Wherever the string "mproj" shows up in the material below, copy that line.

........

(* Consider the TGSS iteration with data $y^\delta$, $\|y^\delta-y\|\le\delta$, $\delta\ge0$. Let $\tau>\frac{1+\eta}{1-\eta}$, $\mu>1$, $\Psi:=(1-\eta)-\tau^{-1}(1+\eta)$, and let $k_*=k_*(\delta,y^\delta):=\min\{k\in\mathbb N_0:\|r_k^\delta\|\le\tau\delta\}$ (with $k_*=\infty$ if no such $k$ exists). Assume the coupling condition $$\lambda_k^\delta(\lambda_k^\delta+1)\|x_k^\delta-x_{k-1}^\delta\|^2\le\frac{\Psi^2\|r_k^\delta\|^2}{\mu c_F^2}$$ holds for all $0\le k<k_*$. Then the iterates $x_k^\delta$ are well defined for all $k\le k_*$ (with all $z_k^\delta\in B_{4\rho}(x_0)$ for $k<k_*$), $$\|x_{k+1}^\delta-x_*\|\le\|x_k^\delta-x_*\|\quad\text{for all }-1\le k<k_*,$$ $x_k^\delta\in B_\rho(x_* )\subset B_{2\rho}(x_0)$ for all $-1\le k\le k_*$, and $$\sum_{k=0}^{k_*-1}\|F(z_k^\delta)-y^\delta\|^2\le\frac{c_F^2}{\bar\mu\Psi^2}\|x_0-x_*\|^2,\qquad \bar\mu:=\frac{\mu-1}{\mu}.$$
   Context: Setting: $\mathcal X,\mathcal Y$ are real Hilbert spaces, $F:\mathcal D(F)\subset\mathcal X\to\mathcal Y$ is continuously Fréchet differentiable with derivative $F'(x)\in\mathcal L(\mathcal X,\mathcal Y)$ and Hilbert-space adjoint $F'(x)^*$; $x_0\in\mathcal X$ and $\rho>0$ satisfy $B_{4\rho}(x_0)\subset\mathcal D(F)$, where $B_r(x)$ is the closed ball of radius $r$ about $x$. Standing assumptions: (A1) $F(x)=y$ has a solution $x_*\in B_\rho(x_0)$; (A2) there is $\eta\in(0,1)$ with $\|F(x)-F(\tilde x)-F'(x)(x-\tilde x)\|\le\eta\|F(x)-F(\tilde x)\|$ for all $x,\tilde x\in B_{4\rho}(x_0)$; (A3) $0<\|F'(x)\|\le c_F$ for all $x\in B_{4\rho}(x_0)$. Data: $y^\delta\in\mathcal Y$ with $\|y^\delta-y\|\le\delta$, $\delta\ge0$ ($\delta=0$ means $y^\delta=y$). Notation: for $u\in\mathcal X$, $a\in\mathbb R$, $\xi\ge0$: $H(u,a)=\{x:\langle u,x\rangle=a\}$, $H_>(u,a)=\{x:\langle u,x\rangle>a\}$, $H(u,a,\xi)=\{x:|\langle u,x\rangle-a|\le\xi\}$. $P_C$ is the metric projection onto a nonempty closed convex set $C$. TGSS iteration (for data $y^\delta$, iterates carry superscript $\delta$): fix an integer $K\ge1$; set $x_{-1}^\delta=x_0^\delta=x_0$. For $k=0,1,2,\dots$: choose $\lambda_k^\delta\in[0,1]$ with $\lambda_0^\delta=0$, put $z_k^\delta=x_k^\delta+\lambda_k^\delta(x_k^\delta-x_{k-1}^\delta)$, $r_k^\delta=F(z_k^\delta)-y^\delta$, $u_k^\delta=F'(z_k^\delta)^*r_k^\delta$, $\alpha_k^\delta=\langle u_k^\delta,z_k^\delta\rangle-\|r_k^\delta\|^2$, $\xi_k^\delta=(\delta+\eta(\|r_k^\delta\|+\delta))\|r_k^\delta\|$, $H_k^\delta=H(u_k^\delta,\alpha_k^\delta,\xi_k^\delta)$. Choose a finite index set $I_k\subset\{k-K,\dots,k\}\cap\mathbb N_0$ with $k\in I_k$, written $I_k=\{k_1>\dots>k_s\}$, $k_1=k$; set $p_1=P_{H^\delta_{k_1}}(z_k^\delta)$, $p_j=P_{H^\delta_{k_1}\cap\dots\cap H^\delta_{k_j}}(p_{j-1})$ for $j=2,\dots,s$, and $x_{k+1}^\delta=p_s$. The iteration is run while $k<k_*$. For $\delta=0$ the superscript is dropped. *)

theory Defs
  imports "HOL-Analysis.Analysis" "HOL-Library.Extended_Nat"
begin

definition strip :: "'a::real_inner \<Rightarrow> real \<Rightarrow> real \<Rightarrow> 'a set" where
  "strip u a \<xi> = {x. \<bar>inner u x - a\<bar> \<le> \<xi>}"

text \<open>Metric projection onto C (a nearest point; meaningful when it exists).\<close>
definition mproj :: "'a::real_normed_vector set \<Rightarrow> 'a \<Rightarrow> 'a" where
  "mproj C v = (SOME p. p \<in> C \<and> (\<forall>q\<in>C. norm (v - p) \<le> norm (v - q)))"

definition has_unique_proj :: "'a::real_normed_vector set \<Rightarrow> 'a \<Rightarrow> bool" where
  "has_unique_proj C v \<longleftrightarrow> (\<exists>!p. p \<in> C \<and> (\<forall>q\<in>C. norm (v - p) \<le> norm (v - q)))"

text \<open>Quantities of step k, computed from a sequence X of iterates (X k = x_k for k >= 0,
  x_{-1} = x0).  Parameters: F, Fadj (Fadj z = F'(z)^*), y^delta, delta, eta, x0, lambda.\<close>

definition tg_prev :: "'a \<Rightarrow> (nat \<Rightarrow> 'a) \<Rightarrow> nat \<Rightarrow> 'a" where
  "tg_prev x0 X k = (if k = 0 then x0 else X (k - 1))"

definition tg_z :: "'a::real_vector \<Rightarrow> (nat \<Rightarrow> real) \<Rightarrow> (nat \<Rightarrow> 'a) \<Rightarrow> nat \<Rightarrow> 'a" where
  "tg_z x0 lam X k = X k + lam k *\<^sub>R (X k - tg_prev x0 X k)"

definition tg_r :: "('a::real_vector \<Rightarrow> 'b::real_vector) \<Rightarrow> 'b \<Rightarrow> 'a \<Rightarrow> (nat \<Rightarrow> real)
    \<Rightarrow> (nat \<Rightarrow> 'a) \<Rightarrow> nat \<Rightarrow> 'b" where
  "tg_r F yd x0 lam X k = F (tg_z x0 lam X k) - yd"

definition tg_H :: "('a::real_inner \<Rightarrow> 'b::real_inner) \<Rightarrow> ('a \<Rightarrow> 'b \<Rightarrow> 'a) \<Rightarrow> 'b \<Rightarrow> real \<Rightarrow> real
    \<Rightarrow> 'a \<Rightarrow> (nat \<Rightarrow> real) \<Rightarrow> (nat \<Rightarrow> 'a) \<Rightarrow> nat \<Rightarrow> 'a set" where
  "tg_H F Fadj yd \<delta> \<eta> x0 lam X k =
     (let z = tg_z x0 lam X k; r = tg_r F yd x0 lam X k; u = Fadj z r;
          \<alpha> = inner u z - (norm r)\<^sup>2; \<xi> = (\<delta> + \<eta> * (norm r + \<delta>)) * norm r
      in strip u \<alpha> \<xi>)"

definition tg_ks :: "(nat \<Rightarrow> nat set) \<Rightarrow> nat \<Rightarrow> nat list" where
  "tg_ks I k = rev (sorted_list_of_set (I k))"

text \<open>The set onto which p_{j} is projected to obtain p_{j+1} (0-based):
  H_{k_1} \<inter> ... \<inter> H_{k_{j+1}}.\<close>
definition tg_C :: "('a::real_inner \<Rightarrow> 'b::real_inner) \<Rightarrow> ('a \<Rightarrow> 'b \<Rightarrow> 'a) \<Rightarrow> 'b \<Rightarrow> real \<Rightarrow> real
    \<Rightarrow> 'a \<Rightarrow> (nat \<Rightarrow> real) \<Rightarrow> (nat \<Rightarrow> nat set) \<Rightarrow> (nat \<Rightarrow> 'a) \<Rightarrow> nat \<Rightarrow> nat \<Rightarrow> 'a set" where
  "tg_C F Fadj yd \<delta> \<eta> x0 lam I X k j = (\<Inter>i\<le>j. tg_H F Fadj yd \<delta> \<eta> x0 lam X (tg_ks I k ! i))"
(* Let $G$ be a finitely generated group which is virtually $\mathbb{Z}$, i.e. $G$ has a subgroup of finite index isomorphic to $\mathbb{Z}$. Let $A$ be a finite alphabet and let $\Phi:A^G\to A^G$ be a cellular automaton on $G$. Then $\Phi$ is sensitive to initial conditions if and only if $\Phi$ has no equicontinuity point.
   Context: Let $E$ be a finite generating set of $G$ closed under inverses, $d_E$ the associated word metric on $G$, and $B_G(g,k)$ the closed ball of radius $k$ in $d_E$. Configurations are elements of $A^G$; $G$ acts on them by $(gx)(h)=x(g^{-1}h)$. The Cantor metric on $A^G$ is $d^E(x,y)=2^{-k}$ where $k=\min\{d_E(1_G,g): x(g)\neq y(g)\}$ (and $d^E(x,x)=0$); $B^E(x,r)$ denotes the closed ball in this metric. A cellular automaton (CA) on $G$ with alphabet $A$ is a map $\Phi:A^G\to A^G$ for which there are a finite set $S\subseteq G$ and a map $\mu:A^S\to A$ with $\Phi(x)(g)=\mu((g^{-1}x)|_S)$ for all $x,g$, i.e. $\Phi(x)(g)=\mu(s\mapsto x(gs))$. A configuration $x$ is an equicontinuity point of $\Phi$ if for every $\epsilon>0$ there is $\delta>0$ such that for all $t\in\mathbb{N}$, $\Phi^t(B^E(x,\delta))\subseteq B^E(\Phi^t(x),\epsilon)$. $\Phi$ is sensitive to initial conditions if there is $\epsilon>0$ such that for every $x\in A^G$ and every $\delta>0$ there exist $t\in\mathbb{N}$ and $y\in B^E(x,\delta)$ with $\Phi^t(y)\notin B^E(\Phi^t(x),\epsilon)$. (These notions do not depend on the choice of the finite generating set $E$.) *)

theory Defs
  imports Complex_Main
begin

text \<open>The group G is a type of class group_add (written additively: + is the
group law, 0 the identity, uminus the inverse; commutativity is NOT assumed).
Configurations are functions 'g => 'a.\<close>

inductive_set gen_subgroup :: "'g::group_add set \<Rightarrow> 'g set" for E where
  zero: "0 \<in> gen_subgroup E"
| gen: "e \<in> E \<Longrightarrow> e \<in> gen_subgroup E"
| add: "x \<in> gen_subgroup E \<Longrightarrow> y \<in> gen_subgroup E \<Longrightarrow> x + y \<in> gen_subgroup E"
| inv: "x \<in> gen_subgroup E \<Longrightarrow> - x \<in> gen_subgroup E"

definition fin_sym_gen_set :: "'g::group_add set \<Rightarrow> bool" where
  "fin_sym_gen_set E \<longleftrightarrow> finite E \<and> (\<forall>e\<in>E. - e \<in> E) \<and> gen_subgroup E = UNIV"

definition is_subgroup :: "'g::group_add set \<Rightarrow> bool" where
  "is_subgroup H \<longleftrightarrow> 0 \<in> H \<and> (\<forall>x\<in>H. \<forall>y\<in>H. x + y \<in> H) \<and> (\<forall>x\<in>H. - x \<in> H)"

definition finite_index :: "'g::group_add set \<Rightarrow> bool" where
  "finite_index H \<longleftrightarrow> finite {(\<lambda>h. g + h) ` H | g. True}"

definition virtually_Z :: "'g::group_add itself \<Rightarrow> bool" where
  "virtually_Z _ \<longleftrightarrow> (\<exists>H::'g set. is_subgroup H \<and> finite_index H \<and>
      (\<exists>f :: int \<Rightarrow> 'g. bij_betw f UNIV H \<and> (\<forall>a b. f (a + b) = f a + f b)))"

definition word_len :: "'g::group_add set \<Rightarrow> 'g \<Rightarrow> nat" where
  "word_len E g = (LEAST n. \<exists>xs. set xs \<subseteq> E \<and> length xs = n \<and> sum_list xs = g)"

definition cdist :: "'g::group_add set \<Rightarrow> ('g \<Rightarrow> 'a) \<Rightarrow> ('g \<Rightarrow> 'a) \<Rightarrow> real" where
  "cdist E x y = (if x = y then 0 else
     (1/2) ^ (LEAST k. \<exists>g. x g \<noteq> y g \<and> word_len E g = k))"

........

> _Answer to this problem_:
definition mproj :: "'a::real_normed_vector set \<Rightarrow> 'a \<Rightarrow> 'a" where
  "mproj C v = (SOME p. p \<in> C \<and> (\<forall>q\<in>C. norm (v - p) \<le> norm (v - q)))"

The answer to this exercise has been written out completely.